▶ To do
Range to reproduce from the entries below: the line with "k - (1/2)^Suc", the line with "proof (rule Lim_null_comparison)", and every line in between. Give them exactly and give nothing else.

◇ ◇ ◇ ◇ ◇

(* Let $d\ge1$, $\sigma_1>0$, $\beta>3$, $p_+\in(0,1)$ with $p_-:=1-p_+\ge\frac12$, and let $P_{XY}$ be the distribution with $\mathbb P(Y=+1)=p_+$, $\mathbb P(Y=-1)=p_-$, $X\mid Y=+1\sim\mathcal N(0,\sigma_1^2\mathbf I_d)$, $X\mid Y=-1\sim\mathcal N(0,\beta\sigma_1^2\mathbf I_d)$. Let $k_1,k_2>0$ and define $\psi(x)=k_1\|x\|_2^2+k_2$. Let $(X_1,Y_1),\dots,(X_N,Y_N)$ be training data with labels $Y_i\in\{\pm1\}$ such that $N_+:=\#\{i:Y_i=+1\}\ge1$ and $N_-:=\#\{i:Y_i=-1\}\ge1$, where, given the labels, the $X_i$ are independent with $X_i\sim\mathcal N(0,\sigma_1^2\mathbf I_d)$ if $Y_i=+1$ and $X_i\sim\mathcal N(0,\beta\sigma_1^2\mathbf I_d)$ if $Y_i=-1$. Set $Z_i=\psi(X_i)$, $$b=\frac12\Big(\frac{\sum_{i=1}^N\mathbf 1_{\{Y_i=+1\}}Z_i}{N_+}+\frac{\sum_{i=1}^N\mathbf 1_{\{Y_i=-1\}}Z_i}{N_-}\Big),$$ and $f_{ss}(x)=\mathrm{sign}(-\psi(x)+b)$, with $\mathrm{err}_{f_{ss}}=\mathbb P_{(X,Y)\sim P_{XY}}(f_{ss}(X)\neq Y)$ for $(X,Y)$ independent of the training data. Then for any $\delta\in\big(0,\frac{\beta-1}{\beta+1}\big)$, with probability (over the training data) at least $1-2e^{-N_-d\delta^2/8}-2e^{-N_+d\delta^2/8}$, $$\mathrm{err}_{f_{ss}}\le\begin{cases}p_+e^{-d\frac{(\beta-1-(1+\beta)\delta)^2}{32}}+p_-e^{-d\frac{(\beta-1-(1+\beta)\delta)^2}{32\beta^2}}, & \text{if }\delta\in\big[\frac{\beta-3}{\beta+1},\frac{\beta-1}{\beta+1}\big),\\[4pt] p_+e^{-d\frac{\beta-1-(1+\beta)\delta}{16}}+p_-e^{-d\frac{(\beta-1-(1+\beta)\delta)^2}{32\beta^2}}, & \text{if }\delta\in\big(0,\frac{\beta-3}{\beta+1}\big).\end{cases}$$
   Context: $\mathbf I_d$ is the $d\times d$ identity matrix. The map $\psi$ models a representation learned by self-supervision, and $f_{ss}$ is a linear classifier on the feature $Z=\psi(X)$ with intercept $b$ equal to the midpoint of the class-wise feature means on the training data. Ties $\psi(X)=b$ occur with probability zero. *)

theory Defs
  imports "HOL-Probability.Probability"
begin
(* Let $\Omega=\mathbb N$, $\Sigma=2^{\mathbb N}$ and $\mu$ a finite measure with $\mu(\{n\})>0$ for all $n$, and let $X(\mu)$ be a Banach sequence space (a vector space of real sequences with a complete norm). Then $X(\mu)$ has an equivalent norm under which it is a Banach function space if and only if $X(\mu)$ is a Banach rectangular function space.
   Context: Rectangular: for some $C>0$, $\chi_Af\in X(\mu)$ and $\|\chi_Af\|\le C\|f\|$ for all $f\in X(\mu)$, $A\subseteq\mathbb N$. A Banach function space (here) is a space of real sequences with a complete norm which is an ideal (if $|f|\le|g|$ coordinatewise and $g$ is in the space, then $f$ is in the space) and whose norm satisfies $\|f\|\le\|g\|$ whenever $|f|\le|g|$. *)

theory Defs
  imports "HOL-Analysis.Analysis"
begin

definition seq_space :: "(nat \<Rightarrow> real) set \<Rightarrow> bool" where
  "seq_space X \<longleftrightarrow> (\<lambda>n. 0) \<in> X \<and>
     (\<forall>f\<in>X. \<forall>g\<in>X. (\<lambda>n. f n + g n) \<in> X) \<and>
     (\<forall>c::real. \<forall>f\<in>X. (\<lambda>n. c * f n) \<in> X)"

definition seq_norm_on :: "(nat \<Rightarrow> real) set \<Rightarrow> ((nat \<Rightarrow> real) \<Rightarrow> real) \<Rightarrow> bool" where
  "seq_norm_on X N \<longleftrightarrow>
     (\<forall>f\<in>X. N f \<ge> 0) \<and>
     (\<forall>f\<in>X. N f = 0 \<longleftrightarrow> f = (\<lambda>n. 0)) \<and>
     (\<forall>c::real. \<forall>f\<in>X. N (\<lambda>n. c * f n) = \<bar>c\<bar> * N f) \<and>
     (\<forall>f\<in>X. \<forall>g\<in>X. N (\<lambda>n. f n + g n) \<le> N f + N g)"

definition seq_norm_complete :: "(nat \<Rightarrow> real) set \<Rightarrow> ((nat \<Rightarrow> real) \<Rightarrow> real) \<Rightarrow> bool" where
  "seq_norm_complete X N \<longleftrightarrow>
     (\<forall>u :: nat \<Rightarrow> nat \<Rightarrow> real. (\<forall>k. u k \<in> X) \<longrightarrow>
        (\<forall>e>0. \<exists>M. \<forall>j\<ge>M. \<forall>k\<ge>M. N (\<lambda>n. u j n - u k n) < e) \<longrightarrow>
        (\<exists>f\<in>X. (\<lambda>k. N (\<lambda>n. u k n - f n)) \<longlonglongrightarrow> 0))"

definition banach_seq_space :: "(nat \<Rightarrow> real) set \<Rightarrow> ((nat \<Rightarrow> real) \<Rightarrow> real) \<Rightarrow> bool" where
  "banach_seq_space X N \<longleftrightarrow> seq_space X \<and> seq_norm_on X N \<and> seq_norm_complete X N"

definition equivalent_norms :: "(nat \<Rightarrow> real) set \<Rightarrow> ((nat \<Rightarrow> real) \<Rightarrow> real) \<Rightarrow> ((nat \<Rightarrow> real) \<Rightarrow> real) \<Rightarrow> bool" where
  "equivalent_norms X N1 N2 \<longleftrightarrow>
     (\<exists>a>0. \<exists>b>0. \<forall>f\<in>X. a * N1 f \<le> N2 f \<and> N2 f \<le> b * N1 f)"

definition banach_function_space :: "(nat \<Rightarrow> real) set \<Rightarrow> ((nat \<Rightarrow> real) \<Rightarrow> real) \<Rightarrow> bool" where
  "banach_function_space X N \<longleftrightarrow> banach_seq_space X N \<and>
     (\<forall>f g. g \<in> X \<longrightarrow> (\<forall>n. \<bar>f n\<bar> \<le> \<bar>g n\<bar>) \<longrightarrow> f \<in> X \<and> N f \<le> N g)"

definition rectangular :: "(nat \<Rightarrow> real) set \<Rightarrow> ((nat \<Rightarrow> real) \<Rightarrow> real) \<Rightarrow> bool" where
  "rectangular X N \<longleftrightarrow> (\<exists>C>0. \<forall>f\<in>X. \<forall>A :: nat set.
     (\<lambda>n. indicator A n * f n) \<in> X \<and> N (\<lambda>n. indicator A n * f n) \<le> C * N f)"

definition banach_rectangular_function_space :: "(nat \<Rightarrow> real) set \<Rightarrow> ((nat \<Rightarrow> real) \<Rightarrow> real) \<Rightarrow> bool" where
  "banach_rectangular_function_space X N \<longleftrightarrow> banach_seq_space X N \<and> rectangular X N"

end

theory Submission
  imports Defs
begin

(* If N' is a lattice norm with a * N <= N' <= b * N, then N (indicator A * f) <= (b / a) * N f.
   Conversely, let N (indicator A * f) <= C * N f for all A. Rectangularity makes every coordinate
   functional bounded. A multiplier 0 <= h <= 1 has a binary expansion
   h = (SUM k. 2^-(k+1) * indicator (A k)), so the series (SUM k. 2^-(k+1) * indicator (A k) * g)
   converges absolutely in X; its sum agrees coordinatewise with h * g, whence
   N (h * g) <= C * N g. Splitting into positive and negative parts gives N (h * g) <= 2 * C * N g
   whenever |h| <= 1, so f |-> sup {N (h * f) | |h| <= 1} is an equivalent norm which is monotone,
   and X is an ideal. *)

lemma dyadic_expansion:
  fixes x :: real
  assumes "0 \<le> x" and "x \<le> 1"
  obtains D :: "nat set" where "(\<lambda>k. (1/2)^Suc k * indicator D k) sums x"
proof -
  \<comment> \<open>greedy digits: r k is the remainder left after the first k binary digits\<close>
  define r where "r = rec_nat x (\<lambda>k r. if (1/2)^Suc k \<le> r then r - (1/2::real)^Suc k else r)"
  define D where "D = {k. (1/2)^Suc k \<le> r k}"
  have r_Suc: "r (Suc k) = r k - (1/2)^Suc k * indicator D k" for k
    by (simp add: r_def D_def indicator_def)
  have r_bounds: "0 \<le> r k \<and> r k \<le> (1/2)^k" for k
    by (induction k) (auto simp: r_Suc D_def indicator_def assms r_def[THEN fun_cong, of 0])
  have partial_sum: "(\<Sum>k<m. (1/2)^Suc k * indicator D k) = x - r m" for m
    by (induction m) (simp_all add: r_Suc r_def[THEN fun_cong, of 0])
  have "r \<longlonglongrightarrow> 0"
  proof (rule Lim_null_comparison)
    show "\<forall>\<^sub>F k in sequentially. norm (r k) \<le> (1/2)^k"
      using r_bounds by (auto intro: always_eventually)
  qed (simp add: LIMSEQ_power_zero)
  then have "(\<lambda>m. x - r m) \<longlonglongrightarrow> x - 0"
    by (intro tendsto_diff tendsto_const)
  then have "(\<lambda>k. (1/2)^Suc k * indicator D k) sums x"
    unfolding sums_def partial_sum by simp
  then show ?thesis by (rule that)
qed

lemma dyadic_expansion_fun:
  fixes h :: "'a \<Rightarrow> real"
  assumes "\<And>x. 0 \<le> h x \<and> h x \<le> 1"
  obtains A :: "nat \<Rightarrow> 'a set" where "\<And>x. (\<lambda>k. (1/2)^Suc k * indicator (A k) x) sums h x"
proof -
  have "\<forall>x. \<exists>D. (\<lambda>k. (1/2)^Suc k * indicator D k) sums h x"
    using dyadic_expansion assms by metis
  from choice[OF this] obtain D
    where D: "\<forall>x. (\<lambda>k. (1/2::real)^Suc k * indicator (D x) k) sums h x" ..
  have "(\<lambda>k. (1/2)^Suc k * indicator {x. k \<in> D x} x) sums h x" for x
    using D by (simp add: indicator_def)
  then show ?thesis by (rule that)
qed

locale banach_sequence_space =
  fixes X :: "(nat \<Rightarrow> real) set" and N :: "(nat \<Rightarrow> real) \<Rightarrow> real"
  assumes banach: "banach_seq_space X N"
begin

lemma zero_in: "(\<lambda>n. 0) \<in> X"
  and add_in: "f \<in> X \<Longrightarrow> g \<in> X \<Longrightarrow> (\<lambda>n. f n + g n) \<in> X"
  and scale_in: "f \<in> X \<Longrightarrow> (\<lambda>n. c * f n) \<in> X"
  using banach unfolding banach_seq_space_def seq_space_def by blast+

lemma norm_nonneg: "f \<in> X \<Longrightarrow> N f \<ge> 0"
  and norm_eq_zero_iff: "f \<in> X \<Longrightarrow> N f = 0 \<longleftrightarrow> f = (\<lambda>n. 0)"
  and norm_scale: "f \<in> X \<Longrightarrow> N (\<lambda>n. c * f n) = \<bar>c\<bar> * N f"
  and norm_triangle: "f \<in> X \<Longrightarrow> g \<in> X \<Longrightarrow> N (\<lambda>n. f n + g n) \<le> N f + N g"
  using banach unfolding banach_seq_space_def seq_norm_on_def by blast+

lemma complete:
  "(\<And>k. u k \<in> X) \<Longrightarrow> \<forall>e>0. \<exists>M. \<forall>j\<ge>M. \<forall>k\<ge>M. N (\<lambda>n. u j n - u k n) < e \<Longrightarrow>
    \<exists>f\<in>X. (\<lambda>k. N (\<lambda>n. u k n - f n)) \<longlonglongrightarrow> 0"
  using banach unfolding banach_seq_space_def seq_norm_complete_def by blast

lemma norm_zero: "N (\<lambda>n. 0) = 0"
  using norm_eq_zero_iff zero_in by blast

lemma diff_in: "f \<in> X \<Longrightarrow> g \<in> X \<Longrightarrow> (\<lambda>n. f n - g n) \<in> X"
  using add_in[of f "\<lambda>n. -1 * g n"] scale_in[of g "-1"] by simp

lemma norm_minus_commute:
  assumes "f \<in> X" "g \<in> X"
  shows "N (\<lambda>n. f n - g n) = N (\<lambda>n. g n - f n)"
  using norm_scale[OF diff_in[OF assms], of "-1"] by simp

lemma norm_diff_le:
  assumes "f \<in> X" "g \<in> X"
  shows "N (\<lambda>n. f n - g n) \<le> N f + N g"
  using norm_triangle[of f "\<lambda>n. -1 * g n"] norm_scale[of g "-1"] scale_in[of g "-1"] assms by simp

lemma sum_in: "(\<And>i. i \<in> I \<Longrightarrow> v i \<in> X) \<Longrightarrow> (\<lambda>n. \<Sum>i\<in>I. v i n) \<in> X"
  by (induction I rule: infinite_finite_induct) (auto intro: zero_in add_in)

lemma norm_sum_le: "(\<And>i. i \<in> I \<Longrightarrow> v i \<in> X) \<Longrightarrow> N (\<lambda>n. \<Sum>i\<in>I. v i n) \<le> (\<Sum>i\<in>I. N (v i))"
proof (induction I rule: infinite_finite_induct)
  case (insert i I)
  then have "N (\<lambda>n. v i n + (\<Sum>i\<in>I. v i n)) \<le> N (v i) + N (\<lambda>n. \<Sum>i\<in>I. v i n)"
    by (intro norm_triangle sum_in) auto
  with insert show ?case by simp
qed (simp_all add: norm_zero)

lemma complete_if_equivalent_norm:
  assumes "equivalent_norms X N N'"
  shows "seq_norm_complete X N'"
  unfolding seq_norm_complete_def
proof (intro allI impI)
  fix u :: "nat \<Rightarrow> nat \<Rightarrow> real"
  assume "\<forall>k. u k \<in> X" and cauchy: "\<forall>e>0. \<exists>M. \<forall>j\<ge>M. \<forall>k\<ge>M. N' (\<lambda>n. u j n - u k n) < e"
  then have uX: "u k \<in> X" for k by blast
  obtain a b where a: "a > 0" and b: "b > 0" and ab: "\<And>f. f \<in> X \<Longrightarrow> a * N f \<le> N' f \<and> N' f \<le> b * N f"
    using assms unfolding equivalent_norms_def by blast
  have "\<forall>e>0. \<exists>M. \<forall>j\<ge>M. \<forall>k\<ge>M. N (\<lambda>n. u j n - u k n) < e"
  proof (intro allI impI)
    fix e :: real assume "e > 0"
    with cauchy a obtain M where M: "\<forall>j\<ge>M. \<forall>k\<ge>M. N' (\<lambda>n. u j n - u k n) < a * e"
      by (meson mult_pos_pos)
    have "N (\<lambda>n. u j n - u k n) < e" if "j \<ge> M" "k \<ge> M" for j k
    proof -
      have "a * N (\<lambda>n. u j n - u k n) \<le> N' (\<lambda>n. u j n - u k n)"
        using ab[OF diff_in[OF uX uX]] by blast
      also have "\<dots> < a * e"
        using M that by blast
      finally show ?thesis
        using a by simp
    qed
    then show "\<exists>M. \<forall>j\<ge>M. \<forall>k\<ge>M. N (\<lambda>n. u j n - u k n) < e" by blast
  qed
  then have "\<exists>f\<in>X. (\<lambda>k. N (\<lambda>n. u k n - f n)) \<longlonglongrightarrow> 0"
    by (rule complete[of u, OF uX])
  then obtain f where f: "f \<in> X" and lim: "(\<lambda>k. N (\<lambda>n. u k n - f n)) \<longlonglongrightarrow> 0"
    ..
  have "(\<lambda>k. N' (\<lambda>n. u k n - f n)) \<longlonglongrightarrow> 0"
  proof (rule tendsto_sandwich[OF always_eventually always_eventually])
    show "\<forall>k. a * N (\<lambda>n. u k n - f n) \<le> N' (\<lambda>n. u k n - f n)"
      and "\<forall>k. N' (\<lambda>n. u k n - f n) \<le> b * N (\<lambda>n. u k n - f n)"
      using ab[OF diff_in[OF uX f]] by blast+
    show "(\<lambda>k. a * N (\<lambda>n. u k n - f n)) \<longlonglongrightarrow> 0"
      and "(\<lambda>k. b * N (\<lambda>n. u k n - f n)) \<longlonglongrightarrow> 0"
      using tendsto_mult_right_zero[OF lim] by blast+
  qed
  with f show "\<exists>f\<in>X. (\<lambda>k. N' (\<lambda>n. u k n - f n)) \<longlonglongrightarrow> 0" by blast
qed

◇ ◇ ◇ ◇ ◇

▶ Result of the exercise
  have r_Suc: "r (Suc k) = r k - (1/2)^Suc k * indicator D k" for k
    by (simp add: r_def D_def indicator_def)
  have r_bounds: "0 \<le> r k \<and> r k \<le> (1/2)^k" for k
    by (induction k) (auto simp: r_Suc D_def indicator_def assms r_def[THEN fun_cong, of 0])
  have partial_sum: "(\<Sum>k<m. (1/2)^Suc k * indicator D k) = x - r m" for m
    by (induction m) (simp_all add: r_Suc r_def[THEN fun_cong, of 0])
  have "r \<longlonglongrightarrow> 0"
  proof (rule Lim_null_comparison)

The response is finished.